So you are creating a CSV file that grows by 2.5 MB per day - or do you recreate it every day?

What device are you running NR on?

let's see, if the file grows by 2.5 MB/day, that's 17.5 MB/week, 70 MB every 4 weeks, or 912.5 MB or 1 GB/year. What are you doing with all that data?

A CSV file is just a flat file with data added to the end. Somehow you have to read the file and extract the data at the end.

Now if you were storing the data in a database you could save the execution time somewhere (in the DB or in a global) and use that time to select all records after that that time.

My heatpump generates that file. It starts at zero and grows to about 2.5MB per day. In the memory of the heatpump are the last 60 days stored.
this csv includes all data of the heatpump (temps, flows, pressure, errors etc...) I only need a few of those.

Ahhh so the CSV file is stored on the heat pump, not on the system running NR.

so what do you get when you use the http request?
does the heat pump have an api?

I'm just requesting the file - no sorry no API.
but the first column is a timestamp in the csv - can I use this somehow as filter?

yes, store the last lines timestamp as a context value. then in a function node only pass on values where timestamp is > than stored value (& update stored value)

Details of how to store context value are in the docs on the website on the writing functions page

Just to be clear, it doesn't sound as though you can only request the lines you want, sounds like you have to get the whole file each time and then trim it down in Node-RED.

If that is the case, depending on what you want to do with the data next, you might simply process the whole file each time. Obviously though, that won't work if you are feeding the data into a database for example.

Yesterday I tried with a finished log file of the day before and I start believing that Node-Red is not the tool for this. execution takes forever...
I want to keep this values as accurate as possible - let's say monitor the csv file for changes. That's not possible with Node-red as the file is simply too big.

So how big is the file? What are you trying to process it on ? Do you know how many lines you add per day. You should be able to use a combination of techniques to help.

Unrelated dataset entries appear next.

(* Let $(\mathfrak g,[\cdot,\cdot]_{\mathfrak g},E,S)$ be a quadratic ENL algebra and $K:\mathfrak g^*\to\mathfrak g$ a linear map. Then $K$ is an ENE-relative Rota–Baxter operator on $(\mathfrak g,[\cdot,\cdot]_{\mathfrak g},E)$ with respect to the coadjoint ENE-representation $(\mathfrak g^*;E^*,\mathrm{ad}^* )$ if and only if $B:=K\circ S^\sharp:\mathfrak g\to\mathfrak g$ is a Rota–Baxter operator of weight $0$ on the ENL algebra $(\mathfrak g,[\cdot,\cdot]_{\mathfrak g},E)$, i.e. $[Bx,By]_{\mathfrak g}=B([Bx,y]_{\mathfrak g}+[x,By]_{\mathfrak g})$ for all $x,y$ and $E\circ B=B\circ E$.
   Context: Vector spaces are finite-dimensional over an algebraically closed field of characteristic zero. An ENL algebra is a Lie algebra with linear $E$ satisfying $E[x,y]=[x,Ey]$ for all $x,y$. A quadratic ENL algebra $(\mathfrak g,E,S)$ is an ENL algebra with nondegenerate symmetric bilinear form $S$ such that $S([x,y],z)+S(y,[x,z])=0$ and $S(Ex,y)=S(x,Ey)$; $S^\sharp:\mathfrak g\to\mathfrak g^*$ is $\langle S^\sharp x,y\rangle=S(x,y)$. Coadjoint: $\langle\mathrm{ad}^*_x\xi,y\rangle=-\langle\xi,[x,y]\rangle$, $E^*$ the dual map. An ENE-relative Rota–Baxter operator with respect to $(\mathfrak g^*;E^*,\mathrm{ad}^* )$ is a linear $K:\mathfrak g^*\to\mathfrak g$ with $[K\xi,K\eta]_{\mathfrak g}=K(\mathrm{ad}^*_{K\xi}\eta-\mathrm{ad}^*_{K\eta}\xi)$ for all $\xi,\eta$ and $E\circ K=K\circ E^*$. *)

theory Defs
  imports "HOL-Computational_Algebra.Polynomial"
begin

definition alg_closed_field :: "'k::field itself \<Rightarrow> bool" where
  "alg_closed_field _ \<longleftrightarrow> (\<forall>p :: 'k poly. 0 < degree p \<longrightarrow> (\<exists>x. poly p x = 0))"

definition fd_vector_space :: "('k::field \<Rightarrow> 'v::ab_group_add \<Rightarrow> 'v) \<Rightarrow> bool" where
  "fd_vector_space sc \<longleftrightarrow> vector_space sc \<and> (\<exists>B. finite B \<and> module.span sc B = UNIV)"

definition is_dual :: "('k::field \<Rightarrow> 'v::ab_group_add \<Rightarrow> 'v) \<Rightarrow> ('v \<Rightarrow> 'k) \<Rightarrow> bool" where
  "is_dual sc \<xi> \<longleftrightarrow> Vector_Spaces.linear sc ((*)) \<xi>"

definition dual_linear :: "('k::field \<Rightarrow> 'v::ab_group_add \<Rightarrow> 'v) \<Rightarrow> (('v \<Rightarrow> 'k) \<Rightarrow> 'v) \<Rightarrow> bool" where
  "dual_linear sc K \<longleftrightarrow>
     (\<forall>\<xi> \<eta>. is_dual sc \<xi> \<longrightarrow> is_dual sc \<eta> \<longrightarrow> K (\<lambda>x. \<xi> x + \<eta> x) = K \<xi> + K \<eta>) \<and>
     (\<forall>\<xi> c. is_dual sc \<xi> \<longrightarrow> K (\<lambda>x. c * \<xi> x) = sc c (K \<xi>))"

definition bilinear_map :: "('k::field \<Rightarrow> 'v::ab_group_add \<Rightarrow> 'v) \<Rightarrow> ('k \<Rightarrow> 'w::ab_group_add \<Rightarrow> 'w) \<Rightarrow> ('v \<Rightarrow> 'v \<Rightarrow> 'w) \<Rightarrow> bool" where
  "bilinear_map sc sw f \<longleftrightarrow> (\<forall>x. Vector_Spaces.linear sc sw (f x)) \<and> (\<forall>y. Vector_Spaces.linear sc sw (\<lambda>x. f x y))"

definition lie_algebra :: "('k::field \<Rightarrow> 'v::ab_group_add \<Rightarrow> 'v) \<Rightarrow> ('v \<Rightarrow> 'v \<Rightarrow> 'v) \<Rightarrow> bool" where
  "lie_algebra sc br \<longleftrightarrow> bilinear_map sc sc br \<and> (\<forall>x. br x x = 0) \<and>
     (\<forall>x y z. br x (br y z) + br y (br z x) + br z (br x y) = 0)"

definition ENL_algebra :: "('k::field \<Rightarrow> 'v::ab_group_add \<Rightarrow> 'v) \<Rightarrow> ('v \<Rightarrow> 'v \<Rightarrow> 'v) \<Rightarrow> ('v \<Rightarrow> 'v) \<Rightarrow> bool" where
  "ENL_algebra sc br E \<longleftrightarrow> lie_algebra sc br \<and> Vector_Spaces.linear sc sc E \<and>
     (\<forall>x y. E (br x y) = br x (E y))"

definition quadratic_ENL :: "('k::field \<Rightarrow> 'v::ab_group_add \<Rightarrow> 'v) \<Rightarrow> ('v \<Rightarrow> 'v \<Rightarrow> 'v) \<Rightarrow> ('v \<Rightarrow> 'v) \<Rightarrow> ('v \<Rightarrow> 'v \<Rightarrow> 'k) \<Rightarrow> bool" where
  "quadratic_ENL sc br E S \<longleftrightarrow> ENL_algebra sc br E \<and> bilinear_map sc ((*)) S \<and>
     (\<forall>x y. S x y = S y x) \<and> (\<forall>x. (\<forall>y. S x y = 0) \<longrightarrow> x = 0) \<and>
     (\<forall>x y z. S (br x y) z + S y (br x z) = 0) \<and> (\<forall>x y. S (E x) y = S x (E y))"

definition S_sharp :: "('v \<Rightarrow> 'v \<Rightarrow> 'k) \<Rightarrow> 'v \<Rightarrow> ('v \<Rightarrow> 'k)" where
  "S_sharp S x = (\<lambda>y. S x y)"

definition coad :: "('v \<Rightarrow> 'v \<Rightarrow> 'v) \<Rightarrow> 'v \<Rightarrow> ('v \<Rightarrow> 'k::ab_group_add) \<Rightarrow> ('v \<Rightarrow> 'k)" where
  "coad br x \<xi> = (\<lambda>y. - \<xi> (br x y))"

definition dual_map :: "('v \<Rightarrow> 'v) \<Rightarrow> ('v \<Rightarrow> 'k) \<Rightarrow> ('v \<Rightarrow> 'k)" where
  "dual_map E \<xi> = (\<lambda>y. \<xi> (E y))"

definition ENE_relative_RB_coad ::
  "('k::field \<Rightarrow> 'v::ab_group_add \<Rightarrow> 'v) \<Rightarrow> ('v \<Rightarrow> 'v \<Rightarrow> 'v) \<Rightarrow> ('v \<Rightarrow> 'v) \<Rightarrow> (('v \<Rightarrow> 'k) \<Rightarrow> 'v) \<Rightarrow> bool" where
  "ENE_relative_RB_coad sc br E K \<longleftrightarrow> dual_linear sc K \<and>
     (\<forall>\<xi> \<eta>. is_dual sc \<xi> \<longrightarrow> is_dual sc \<eta> \<longrightarrow>
        br (K \<xi>) (K \<eta>) = K (\<lambda>y. coad br (K \<xi>) \<eta> y - coad br (K \<eta>) \<xi> y)) \<and>
     (\<forall>\<xi>. is_dual sc \<xi> \<longrightarrow> E (K \<xi>) = K (dual_map E \<xi>))"

definition RB_weight0_ENL ::
  "('k::field \<Rightarrow> 'v::ab_group_add \<Rightarrow> 'v) \<Rightarrow> ('v \<Rightarrow> 'v \<Rightarrow> 'v) \<Rightarrow> ('v \<Rightarrow> 'v) \<Rightarrow> ('v \<Rightarrow> 'v) \<Rightarrow> bool" where
  "RB_weight0_ENL sc br E B \<longleftrightarrow> Vector_Spaces.linear sc sc B \<and>
     (\<forall>x y. br (B x) (B y) = B (br (B x) y + br x (B y))) \<and> E \<circ> B = B \<circ> E"

end

theory Submission
  imports Defs
begin

(* Finite dimension and nondegeneracy make S# a linear bijection from g onto g*, so K is
   determined by B = K o S#, and the quantifiers over g* in the definition of an ENE-relative
   Rota-Baxter operator may be taken over elements S# x.  Invariance of S says that S#
   intertwines ad with ad*, and self-adjointness of E that it intertwines E with E*.  Hence
   ad*_{B x} (S# y) - ad*_{B y} (S# x) = S# ([B x, y] + [x, B y]) by antisymmetry of the bracket,
   and both defining identities of K become exactly those of B. *)

lemma finite_span_obtains_finite_basis:
  assumes "vector_space sc" and "finite A" and "module.span sc A = UNIV"
  obtains B where "finite_dimensional_vector_space sc B"
proof -
  interpret vector_space sc by fact
  obtain B where B: "B \<subseteq> A" "independent B" "A \<subseteq> span B"
    using maximal_independent_subset[of A] by blast
  have "span B = UNIV"
    using span_mono[OF B(3)] assms(3) by (auto simp: span_span)
  with B \<open>finite A\<close> have "finite_dimensional_vector_space sc B"
    by unfold_locales (auto intro: finite_subset)
  then show thesis by (rule that)
qed

lemma (in finite_dimensional_vector_space) nondegenerate_form_represents_functional:
  fixes S :: "'b \<Rightarrow> 'b \<Rightarrow> 'a"
  assumes bil: "bilinear_map scale (*) S"
    and nondeg: "\<forall>x. (\<forall>y. S x y = 0) \<longrightarrow> x = 0"
    and \<xi>: "Vector_Spaces.linear scale (*) \<xi>"
  shows "\<exists>x. S x = \<xi>"
proof -
  interpret P: vector_space_pair scale "(*) :: 'a \<Rightarrow> 'a \<Rightarrow> 'a"
    by unfold_locales (auto simp: algebra_simps)
  have S_left: "Vector_Spaces.linear scale (*) (\<lambda>x. S x y)"
    and S_right: "Vector_Spaces.linear scale (*) (S x)" for x y
    using bil by (auto simp: bilinear_map_def)
  have eq_on_Basis: "f = g"
    if "Vector_Spaces.linear scale (*) f" "Vector_Spaces.linear scale (*) g"
      and "\<forall>b\<in>Basis. f b = g b" for f g
    by (rule ext, rule P.linear_eq_on[OF that(1,2)]) (use that(3) span_Basis in auto)
  have coeffs_eq: "\<forall>b\<in>Basis. u b = v b"
    if "(\<Sum>b\<in>Basis. u b *s b) = (\<Sum>b\<in>Basis. v b *s b)" for u v
  proof -
    have "(\<Sum>b\<in>Basis. (u b - v b) *s b) = 0"
      using that by (simp add: scale_left_diff_distrib sum_subtractf)
    moreover have "\<not> (\<exists>w. (\<exists>b\<in>Basis. w b \<noteq> 0) \<and> (\<Sum>b\<in>Basis. w b *s b) = 0)"
      using dependent_finite[OF finite_Basis] independent_Basis by simp
    ultimately show ?thesis
      by (auto dest: spec[of _ "\<lambda>b. u b - v b"])
  qed
  txt \<open>T is injective by nondegeneracy, hence onto; a preimage x of the vector with
    coordinates \<xi> b then satisfies S x b = \<xi> b on the basis.\<close>
  define T where "T x = (\<Sum>b\<in>Basis. S x b *s b)" for x
  have T: "Vector_Spaces.linear scale scale T"
  proof -
    interpret Q: vector_space_pair scale scale ..
    show ?thesis
      unfolding T_def
      by (intro Q.linear_compose_sum ballI
          Vector_Spaces.linear_compose[OF S_left linear_scale_left, unfolded o_def])
  qed
  have "inj T"
  proof -
    interpret T: Vector_Spaces.linear scale scale T by (fact T)
    have "x = 0" if "T x = 0" for x
    proof -
      have "\<forall>b\<in>Basis. S x b = 0"
        using coeffs_eq[of "\<lambda>b. S x b" "\<lambda>_. 0"] that by (simp add: T_def)
      then have "S x = (\<lambda>_. 0)"
        by (intro eq_on_Basis S_right P.linear_zero) auto
      then show ?thesis using nondeg by simp
    qed
    then show ?thesis by (simp add: T.inj_iff_eq_0)
  qed
  then obtain x where "T x = (\<Sum>b\<in>Basis. \<xi> b *s b)"
    using linear_inj_imp_surj[OF T] by (metis surjD)
  then have "\<forall>b\<in>Basis. S x b = \<xi> b"
    unfolding T_def by (rule coeffs_eq)
  then show ?thesis
    using eq_on_Basis[OF S_right \<xi>] by blast
qed

lemma is_dual_S_sharp:
  assumes "bilinear_map sc (*) S"
  shows "is_dual sc (S_sharp S x)"
  using assms by (simp add: bilinear_map_def is_dual_def S_sharp_def)

lemma is_dual_obtains_S_sharp:
  assumes "fd_vector_space sc" and "bilinear_map sc (*) S"
    and "\<forall>x. (\<forall>y. S x y = 0) \<longrightarrow> x = 0" and "is_dual sc \<xi>"
  obtains x where "\<xi> = S_sharp S x"
proof -
  obtain A where "vector_space sc" "finite A" "module.span sc A = UNIV"
    using assms(1) by (auto simp: fd_vector_space_def)
  then obtain B where "finite_dimensional_vector_space sc B"
    by (rule finite_span_obtains_finite_basis)
  then obtain x where "S x = \<xi>"
    using finite_dimensional_vector_space.nondegenerate_form_represents_functional assms(2-4)
    unfolding is_dual_def by blast
  then have "\<xi> = S_sharp S x"
    by (simp add: S_sharp_def)
  then show thesis
    by (rule that)
qed

lemma all_is_dual_iff_all_S_sharp:
  assumes "fd_vector_space sc" and "bilinear_map sc (*) S"
    and "\<forall>x. (\<forall>y. S x y = 0) \<longrightarrow> x = 0"
  shows "(\<forall>\<xi>. is_dual sc \<xi> \<longrightarrow> P \<xi>) \<longleftrightarrow> (\<forall>x. P (S_sharp S x))"
  using is_dual_obtains_S_sharp[OF assms] is_dual_S_sharp[OF assms(2)] by metis

lemma linear_comp_S_sharp:
  assumes "vector_space sc" and "bilinear_map sc (*) S" and "dual_linear sc K"
  shows "Vector_Spaces.linear sc sc (K \<circ> S_sharp S)"
proof -
  interpret S_left: Vector_Spaces.linear sc "(*)" "\<lambda>x. S x y" for y
    using assms(2) by (simp add: bilinear_map_def)
  have "S_sharp S (x + y) = (\<lambda>z. S_sharp S x z + S_sharp S y z)"
    and "S_sharp S (sc c x) = (\<lambda>z. c * S_sharp S x z)" for x y c
    by (simp_all add: S_sharp_def fun_eq_iff S_left.add S_left.scale)
  then show ?thesis
    using assms is_dual_S_sharp[OF assms(2)]
    by (simp add: Vector_Spaces.linear_iff dual_linear_def)
qed

lemma lie_algebra_anticomm:
  assumes "lie_algebra sc br"
  shows "br y x = - br x y"
proof -
  interpret left: Vector_Spaces.linear sc sc "\<lambda>x. br x z" for z
    using assms by (simp add: lie_algebra_def bilinear_map_def)
  interpret right: Vector_Spaces.linear sc sc "br z" for z
    using assms by (simp add: lie_algebra_def bilinear_map_def)
  have alt: "br z z = 0" for z
    using assms by (simp add: lie_algebra_def)
  have "br (x + y) (x + y) = br x x + br x y + (br y x + br y y)"
    by (simp only: left.add right.add ac_simps)
  then have "br x y + br y x = 0"
    by (simp add: alt)
  then show ?thesis
    by (metis minus_unique)
qed

lemma coad_S_sharp:
  assumes "\<forall>x y z. S (br x y) z + S y (br x z) = 0"
  shows "coad br x (S_sharp S y) = S_sharp S (br x y)"
proof
  fix z
  have "S (br x y) z = - S y (br x z)"
    using assms by (simp add: eq_neg_iff_add_eq_0)
  then show "coad br x (S_sharp S y) z = S_sharp S (br x y) z"
    by (simp add: coad_def S_sharp_def)
qed

lemma dual_map_S_sharp:
  assumes "\<forall>x y. S (E x) y = S x (E y)"
  shows "dual_map E (S_sharp S x) = S_sharp S (E x)"
  using assms by (simp add: dual_map_def S_sharp_def)

lemma quadratic_ENL_coad_diff_S_sharp:
  assumes "quadratic_ENL sc br E S"
  shows "(\<lambda>z. coad br a (S_sharp S y) z - coad br b (S_sharp S x) z)
    = S_sharp S (br a y + br x b)"
proof -
  interpret S_left: Vector_Spaces.linear sc "(*)" "\<lambda>x. S x y" for y
    using assms by (simp add: quadratic_ENL_def bilinear_map_def)
  have invariant: "\<forall>x y z. S (br x y) z + S y (br x z) = 0"
    and "lie_algebra sc br"
    using assms unfolding quadratic_ENL_def ENL_algebra_def by blast+
  then have "br b x = - br x b"
    by (intro lie_algebra_anticomm)
  then show ?thesis
    by (simp only: coad_S_sharp[OF invariant]) (simp add: S_sharp_def S_left.add S_left.neg)
qed

theorem proposition6p7:
  fixes sc :: "'k::field_char_0 \<Rightarrow> 'v::ab_group_add \<Rightarrow> 'v"
    and br :: "'v \<Rightarrow> 'v \<Rightarrow> 'v" and E :: "'v \<Rightarrow> 'v" and S :: "'v \<Rightarrow> 'v \<Rightarrow> 'k"
    and K :: "('v \<Rightarrow> 'k) \<Rightarrow> 'v"
  assumes "alg_closed_field TYPE('k)"
    and "fd_vector_space sc"
    and "quadratic_ENL sc br E S"
    and "dual_linear sc K"
  shows "ENE_relative_RB_coad sc br E K \<longleftrightarrow> RB_weight0_ENL sc br E (K \<circ> S_sharp S)"
proof -
  have bil: "bilinear_map sc (*) S" and nondeg: "\<forall>x. (\<forall>y. S x y = 0) \<longrightarrow> x = 0"
    and self_adjoint: "\<forall>x y. S (E x) y = S x (E y)"
    using assms(3) unfolding quadratic_ENL_def by blast+
  have "vector_space sc"
    using assms(2) by (simp add: fd_vector_space_def)
  then have "Vector_Spaces.linear sc sc (K \<circ> S_sharp S)"
    using bil assms(4) by (rule linear_comp_S_sharp)
  then show ?thesis
    unfolding ENE_relative_RB_coad_def RB_weight0_ENL_def
    using all_is_dual_iff_all_S_sharp[OF assms(2) bil nondeg]
    by (simp add: assms(4) quadratic_ENL_coad_diff_S_sharp[OF assms(3)]
        dual_map_S_sharp[OF self_adjoint] fun_eq_iff)
qed

end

Eg just use curl or wget to fetch the file direct to disk, rather than load it all into memory in Node-RED. Then either use a tail -n xx command to fetch the last xx lines, or the file on node set to read a line at a time and some sort of time filter as has already been suggested.

On my laptop I can handle extracting metadata from hundred MB video files in real time no problem.

At the least, you can use NR to prototype the processing you need to do. As you are restricted by the source device to only ever getting the whole file, this seriously limits what you can do. Normally, the way to get round this is to process the file as a stream - I think there may be some nodes to work with big files though I'm not sure how maintained they are.

Alternatively, something like the AlaSQL nodes may help as you can leverage AlaSQL itself to treat the file as a database.

And, as a final resort, write a small utility in Node.JS that grabs the file to disk and then trims it. You can call that from Node-RED passing in a timestamp perhaps to aid in the trimming. You could even extend that to write to a DB. Again, AlaSQL might help you there, it is a Node.JS module.

If you want to do that using shell commands, you can drive all of it from NR in the way that Dave has suggested.

So lots of options, it is a case of using the right tools for the job. If nothing else, NR is great at coordinating those activities in a more visual way.

wow so many options.
I will start trying to go with curl-trim-tail and only process the changes, if that fails I will try AlaSQL
Thank you!

1 Like